Entries taken from a collection =>
# # # # #
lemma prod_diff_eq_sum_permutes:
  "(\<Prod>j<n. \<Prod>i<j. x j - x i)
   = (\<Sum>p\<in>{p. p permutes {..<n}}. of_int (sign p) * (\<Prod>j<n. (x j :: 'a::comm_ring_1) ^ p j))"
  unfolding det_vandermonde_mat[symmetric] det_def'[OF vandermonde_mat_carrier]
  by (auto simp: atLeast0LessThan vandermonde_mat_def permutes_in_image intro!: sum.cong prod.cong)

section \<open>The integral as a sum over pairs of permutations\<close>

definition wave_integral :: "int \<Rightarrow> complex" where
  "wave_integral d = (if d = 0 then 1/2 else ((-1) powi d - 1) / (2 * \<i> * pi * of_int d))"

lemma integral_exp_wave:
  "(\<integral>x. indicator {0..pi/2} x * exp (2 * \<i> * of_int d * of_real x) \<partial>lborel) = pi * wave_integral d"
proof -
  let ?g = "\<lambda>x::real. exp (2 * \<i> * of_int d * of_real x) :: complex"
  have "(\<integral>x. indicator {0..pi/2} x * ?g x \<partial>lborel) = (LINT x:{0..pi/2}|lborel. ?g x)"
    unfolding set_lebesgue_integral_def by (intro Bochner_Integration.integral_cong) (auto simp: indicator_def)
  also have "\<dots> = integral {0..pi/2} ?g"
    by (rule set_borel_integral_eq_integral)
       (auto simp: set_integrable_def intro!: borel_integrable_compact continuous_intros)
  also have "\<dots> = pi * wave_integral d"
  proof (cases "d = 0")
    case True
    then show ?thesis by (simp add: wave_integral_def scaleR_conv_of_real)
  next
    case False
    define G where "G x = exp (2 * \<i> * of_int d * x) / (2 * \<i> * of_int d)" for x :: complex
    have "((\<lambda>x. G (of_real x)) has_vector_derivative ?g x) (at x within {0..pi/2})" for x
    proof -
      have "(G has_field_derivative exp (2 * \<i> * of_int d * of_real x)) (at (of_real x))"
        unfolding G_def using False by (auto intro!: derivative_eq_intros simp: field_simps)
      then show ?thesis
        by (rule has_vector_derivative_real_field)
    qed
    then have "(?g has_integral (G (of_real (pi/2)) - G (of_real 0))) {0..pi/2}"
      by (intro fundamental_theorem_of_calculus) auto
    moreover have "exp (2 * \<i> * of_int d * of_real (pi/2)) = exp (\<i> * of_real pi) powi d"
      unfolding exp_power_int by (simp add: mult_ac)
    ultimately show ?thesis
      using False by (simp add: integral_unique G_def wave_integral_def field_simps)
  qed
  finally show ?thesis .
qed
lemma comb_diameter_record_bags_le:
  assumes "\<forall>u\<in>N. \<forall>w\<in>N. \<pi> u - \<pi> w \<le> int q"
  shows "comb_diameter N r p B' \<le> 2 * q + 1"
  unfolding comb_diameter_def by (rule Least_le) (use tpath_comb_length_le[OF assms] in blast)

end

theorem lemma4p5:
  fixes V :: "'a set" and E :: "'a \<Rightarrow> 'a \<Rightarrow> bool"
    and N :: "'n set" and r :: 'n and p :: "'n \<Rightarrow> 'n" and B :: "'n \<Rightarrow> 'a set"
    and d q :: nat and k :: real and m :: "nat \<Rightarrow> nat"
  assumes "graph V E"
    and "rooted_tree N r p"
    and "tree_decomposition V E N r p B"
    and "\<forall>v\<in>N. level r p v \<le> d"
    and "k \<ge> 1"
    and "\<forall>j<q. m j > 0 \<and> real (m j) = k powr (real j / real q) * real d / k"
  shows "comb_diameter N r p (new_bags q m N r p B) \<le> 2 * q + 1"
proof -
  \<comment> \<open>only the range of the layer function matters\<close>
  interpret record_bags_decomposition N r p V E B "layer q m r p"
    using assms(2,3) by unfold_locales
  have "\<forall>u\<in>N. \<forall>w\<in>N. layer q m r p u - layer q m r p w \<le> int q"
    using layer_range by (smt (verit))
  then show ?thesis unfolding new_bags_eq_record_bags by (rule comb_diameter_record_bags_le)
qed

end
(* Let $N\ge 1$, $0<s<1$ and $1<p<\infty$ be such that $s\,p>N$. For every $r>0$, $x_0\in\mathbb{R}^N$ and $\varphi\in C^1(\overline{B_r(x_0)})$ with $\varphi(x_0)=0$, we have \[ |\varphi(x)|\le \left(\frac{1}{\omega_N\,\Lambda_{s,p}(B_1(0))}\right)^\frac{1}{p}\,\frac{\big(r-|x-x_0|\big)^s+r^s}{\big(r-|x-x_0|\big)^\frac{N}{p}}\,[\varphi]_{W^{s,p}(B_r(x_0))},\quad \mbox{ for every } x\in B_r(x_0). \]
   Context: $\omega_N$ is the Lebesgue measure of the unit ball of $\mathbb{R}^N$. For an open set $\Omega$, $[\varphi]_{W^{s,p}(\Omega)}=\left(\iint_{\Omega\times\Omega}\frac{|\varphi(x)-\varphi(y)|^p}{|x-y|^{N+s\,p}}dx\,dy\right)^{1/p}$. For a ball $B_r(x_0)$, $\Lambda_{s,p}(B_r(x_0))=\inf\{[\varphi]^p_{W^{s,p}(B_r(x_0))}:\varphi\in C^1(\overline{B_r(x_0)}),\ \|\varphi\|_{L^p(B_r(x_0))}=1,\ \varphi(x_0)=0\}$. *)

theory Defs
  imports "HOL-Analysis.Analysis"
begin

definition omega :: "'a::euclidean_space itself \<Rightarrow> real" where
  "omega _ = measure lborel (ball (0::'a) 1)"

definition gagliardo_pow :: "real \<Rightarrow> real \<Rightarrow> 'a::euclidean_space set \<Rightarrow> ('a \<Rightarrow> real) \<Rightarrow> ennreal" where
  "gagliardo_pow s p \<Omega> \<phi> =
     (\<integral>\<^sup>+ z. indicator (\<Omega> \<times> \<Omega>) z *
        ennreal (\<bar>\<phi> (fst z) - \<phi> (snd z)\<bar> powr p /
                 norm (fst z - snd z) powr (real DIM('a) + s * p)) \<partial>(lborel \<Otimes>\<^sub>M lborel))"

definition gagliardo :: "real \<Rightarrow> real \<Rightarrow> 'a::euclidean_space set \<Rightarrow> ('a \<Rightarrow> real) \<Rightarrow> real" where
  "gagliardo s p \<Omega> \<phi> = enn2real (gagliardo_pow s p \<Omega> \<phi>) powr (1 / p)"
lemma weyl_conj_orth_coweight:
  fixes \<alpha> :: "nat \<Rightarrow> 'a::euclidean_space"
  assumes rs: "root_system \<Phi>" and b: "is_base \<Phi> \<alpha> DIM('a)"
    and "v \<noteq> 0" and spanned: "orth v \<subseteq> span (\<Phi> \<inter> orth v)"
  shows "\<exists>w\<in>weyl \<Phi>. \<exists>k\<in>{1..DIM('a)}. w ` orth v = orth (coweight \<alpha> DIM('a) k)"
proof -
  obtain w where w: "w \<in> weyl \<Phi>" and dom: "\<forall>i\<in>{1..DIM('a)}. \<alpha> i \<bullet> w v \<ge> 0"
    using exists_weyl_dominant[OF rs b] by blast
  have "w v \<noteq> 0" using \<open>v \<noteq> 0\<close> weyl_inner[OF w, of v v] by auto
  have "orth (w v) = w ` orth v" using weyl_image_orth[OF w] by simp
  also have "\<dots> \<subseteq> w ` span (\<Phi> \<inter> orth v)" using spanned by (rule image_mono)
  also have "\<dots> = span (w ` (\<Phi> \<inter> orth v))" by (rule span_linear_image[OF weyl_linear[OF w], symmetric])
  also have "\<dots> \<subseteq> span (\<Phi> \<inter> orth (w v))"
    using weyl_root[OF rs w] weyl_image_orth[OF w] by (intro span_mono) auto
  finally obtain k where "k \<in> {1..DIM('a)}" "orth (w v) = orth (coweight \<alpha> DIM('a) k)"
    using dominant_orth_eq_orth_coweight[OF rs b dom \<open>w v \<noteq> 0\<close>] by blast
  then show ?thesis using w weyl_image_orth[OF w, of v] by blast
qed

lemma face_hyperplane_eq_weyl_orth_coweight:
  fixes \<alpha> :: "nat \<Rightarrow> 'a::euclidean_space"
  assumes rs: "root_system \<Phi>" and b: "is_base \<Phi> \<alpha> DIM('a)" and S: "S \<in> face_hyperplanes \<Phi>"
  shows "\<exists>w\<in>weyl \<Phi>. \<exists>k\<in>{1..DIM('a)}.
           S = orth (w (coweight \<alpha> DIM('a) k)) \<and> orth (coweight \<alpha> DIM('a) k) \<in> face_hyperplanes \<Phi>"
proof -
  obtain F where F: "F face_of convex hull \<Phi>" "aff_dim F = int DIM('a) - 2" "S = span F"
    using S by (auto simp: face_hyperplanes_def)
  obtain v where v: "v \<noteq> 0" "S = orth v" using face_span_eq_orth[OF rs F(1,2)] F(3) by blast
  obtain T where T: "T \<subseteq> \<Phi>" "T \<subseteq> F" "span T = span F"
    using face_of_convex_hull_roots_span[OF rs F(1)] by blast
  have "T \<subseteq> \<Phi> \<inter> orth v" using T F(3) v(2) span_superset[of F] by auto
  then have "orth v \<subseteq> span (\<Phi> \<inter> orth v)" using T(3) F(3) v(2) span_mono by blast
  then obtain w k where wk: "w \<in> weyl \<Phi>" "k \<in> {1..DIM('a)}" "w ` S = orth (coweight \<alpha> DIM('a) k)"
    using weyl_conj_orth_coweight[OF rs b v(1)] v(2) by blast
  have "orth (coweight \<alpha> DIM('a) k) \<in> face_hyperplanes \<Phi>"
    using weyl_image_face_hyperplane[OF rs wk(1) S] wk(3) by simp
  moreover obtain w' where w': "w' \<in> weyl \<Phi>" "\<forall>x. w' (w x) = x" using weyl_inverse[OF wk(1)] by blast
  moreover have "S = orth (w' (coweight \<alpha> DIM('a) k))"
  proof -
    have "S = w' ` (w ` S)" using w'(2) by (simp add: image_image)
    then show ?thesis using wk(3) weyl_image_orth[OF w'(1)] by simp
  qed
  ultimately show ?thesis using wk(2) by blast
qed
# # # # #
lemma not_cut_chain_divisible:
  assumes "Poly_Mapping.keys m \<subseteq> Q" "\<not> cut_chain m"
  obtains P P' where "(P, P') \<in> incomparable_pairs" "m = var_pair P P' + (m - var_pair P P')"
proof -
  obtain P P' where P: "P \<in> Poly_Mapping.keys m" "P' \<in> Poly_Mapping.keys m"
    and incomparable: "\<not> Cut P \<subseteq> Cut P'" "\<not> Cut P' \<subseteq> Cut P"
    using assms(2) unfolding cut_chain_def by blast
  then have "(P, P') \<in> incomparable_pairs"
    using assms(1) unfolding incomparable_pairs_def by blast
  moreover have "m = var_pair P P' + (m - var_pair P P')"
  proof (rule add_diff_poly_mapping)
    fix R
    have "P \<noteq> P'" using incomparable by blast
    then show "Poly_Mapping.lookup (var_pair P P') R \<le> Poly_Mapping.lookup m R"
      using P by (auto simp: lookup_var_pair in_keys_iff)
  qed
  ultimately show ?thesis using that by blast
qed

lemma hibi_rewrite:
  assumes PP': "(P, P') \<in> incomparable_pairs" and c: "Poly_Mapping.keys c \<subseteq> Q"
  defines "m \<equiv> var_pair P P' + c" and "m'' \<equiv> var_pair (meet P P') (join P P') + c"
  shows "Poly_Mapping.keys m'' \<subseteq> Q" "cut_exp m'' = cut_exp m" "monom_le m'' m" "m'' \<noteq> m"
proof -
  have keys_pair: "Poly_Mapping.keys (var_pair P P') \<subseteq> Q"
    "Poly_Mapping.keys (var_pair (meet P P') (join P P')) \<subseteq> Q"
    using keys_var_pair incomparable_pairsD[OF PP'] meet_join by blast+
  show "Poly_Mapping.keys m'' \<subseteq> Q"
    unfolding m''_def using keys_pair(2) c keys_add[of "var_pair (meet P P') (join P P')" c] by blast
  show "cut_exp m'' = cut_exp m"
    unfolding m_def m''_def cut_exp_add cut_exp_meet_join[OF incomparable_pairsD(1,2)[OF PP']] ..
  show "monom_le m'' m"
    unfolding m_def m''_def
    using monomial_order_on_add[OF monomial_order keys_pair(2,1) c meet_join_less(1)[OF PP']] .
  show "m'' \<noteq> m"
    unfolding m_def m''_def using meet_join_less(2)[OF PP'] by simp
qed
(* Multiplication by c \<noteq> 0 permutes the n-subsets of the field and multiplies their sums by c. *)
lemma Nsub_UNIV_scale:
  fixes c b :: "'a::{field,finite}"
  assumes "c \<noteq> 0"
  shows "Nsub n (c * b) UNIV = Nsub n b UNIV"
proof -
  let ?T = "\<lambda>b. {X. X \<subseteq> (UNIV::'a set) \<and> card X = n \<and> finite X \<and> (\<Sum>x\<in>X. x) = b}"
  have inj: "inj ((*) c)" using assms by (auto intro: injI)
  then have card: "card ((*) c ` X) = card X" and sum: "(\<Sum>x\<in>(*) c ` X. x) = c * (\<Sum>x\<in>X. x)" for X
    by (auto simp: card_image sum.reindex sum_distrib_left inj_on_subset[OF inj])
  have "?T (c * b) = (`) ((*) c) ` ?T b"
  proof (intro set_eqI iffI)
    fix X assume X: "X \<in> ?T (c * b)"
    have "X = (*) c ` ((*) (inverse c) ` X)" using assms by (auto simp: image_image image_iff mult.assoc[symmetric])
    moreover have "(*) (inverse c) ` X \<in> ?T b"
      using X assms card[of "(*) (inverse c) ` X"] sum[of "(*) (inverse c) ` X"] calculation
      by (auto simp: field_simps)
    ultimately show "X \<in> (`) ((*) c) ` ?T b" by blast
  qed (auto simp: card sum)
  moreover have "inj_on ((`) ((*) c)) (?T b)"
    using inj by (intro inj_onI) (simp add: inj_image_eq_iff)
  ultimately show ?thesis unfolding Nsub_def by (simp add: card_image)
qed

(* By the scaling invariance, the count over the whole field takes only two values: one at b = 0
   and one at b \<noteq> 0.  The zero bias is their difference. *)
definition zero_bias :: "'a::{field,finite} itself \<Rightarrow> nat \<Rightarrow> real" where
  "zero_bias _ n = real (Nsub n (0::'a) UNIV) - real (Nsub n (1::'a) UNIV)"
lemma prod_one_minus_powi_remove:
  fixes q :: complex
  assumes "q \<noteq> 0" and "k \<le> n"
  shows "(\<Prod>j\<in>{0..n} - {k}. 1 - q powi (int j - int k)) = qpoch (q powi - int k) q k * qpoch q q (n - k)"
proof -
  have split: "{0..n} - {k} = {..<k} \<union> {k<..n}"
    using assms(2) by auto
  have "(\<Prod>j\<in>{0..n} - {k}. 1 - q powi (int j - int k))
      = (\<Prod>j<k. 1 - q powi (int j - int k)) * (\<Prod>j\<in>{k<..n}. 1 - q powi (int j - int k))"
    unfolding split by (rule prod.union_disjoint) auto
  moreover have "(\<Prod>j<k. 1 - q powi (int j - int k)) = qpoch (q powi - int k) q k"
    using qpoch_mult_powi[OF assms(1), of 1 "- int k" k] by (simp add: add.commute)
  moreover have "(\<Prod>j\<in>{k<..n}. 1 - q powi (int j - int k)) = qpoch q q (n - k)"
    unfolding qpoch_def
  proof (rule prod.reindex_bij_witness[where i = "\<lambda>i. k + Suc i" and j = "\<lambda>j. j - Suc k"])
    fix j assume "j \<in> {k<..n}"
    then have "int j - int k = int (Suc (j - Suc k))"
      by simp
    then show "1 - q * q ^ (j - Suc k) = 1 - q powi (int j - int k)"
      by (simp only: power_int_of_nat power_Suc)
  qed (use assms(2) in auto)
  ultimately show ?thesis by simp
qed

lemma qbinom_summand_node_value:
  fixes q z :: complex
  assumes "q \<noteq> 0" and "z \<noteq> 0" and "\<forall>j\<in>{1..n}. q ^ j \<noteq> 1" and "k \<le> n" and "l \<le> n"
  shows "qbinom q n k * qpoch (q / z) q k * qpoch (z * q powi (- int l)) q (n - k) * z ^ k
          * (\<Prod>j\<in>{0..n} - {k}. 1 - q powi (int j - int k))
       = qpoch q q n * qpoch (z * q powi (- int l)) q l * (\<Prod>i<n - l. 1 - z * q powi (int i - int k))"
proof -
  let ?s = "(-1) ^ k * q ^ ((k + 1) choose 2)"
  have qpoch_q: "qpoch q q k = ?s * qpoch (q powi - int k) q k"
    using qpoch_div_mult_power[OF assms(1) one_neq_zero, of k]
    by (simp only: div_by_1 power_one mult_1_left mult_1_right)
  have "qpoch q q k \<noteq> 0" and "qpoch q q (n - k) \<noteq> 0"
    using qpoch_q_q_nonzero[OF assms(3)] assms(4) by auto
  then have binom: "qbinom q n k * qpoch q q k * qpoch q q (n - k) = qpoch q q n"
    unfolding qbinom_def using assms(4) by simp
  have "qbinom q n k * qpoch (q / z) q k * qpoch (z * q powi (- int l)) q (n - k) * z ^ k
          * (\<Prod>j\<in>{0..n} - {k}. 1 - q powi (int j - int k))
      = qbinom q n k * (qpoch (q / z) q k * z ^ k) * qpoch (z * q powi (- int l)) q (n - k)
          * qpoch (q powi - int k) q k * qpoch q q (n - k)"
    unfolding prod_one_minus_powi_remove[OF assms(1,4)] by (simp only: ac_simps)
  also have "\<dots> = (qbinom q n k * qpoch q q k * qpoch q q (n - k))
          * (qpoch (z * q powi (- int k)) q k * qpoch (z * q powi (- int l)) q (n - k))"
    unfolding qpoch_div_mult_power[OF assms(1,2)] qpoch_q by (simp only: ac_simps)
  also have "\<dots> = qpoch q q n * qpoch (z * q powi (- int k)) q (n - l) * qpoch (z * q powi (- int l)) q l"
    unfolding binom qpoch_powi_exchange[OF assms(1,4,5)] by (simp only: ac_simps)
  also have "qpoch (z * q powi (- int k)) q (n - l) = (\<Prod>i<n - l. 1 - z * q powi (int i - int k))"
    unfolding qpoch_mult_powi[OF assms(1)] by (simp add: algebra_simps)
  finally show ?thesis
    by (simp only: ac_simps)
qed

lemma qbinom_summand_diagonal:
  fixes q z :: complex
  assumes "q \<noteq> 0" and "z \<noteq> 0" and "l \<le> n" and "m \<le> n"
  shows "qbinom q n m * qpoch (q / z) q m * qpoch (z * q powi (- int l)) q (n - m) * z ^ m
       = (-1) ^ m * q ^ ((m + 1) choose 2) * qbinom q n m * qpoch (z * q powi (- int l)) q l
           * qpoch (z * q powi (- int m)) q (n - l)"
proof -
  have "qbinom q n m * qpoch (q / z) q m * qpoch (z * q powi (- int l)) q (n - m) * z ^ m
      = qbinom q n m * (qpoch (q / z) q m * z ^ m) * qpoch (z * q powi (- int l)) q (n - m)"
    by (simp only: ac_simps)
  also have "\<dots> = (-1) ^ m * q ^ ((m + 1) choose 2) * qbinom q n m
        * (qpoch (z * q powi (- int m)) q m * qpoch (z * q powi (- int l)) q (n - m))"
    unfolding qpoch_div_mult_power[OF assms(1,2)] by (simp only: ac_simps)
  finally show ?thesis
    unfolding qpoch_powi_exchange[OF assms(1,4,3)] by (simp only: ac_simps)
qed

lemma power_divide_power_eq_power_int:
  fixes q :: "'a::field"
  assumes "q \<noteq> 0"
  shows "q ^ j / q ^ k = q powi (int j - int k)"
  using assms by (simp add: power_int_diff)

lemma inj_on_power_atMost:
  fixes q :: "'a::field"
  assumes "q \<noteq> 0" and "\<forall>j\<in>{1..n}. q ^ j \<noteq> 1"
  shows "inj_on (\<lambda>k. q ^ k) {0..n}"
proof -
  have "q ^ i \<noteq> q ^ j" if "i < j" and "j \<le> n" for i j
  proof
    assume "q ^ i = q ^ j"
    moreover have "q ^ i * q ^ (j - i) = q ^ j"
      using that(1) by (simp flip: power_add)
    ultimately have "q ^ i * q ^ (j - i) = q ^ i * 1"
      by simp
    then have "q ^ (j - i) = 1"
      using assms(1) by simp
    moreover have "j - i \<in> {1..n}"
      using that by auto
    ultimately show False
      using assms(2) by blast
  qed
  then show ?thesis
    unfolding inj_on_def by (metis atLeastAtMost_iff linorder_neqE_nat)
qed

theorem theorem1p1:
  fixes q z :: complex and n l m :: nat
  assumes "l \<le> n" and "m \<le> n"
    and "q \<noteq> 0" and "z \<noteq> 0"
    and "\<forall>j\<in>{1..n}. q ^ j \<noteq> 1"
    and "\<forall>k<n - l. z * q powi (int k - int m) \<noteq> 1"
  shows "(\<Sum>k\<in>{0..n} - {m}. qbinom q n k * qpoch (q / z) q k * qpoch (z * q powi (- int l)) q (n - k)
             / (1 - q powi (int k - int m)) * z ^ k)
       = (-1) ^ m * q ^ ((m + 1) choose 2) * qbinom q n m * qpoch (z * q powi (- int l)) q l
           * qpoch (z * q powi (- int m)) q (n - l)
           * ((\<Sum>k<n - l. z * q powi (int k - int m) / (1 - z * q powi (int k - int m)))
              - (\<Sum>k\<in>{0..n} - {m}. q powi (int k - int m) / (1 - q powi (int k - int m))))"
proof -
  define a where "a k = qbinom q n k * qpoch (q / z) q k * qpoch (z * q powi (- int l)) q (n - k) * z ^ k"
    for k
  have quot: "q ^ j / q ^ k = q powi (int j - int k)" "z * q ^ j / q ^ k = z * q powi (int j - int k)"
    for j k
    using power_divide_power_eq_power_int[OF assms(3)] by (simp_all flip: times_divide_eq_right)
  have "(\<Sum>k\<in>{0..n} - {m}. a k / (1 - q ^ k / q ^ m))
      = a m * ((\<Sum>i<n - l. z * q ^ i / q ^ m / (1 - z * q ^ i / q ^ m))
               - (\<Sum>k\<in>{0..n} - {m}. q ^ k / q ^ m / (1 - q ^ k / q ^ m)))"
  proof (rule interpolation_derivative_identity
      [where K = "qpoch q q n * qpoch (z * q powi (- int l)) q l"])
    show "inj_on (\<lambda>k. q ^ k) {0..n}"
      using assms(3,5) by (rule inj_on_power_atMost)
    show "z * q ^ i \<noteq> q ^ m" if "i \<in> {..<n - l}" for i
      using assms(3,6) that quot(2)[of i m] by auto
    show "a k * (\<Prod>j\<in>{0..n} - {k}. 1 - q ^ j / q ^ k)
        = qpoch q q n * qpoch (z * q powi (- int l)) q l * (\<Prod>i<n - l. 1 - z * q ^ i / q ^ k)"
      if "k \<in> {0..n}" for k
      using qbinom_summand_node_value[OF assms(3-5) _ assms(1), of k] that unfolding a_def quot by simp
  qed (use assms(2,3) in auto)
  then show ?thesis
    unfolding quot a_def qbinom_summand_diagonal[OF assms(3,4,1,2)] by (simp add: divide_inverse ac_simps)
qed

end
# # # # #
What the task requires => Show every line from the entries above in which "measure" appears.

Result below =>
   Context: $\omega_N$ is the Lebesgue measure of the unit ball of $\mathbb{R}^N$. For an open set $\Omega$, $[\varphi]_{W^{s,p}(\Omega)}=\left(\iint_{\Omega\times\Omega}\frac{|\varphi(x)-\varphi(y)|^p}{|x-y|^{N+s\,p}}dx\,dy\right)^{1/p}$. For a ball $B_r(x_0)$, $\Lambda_{s,p}(B_r(x_0))=\inf\{[\varphi]^p_{W^{s,p}(B_r(x_0))}:\varphi\in C^1(\overline{B_r(x_0)}),\ \|\varphi\|_{L^p(B_r(x_0))}=1,\ \varphi(x_0)=0\}$. *)
  "omega _ = measure lborel (ball (0::'a) 1)"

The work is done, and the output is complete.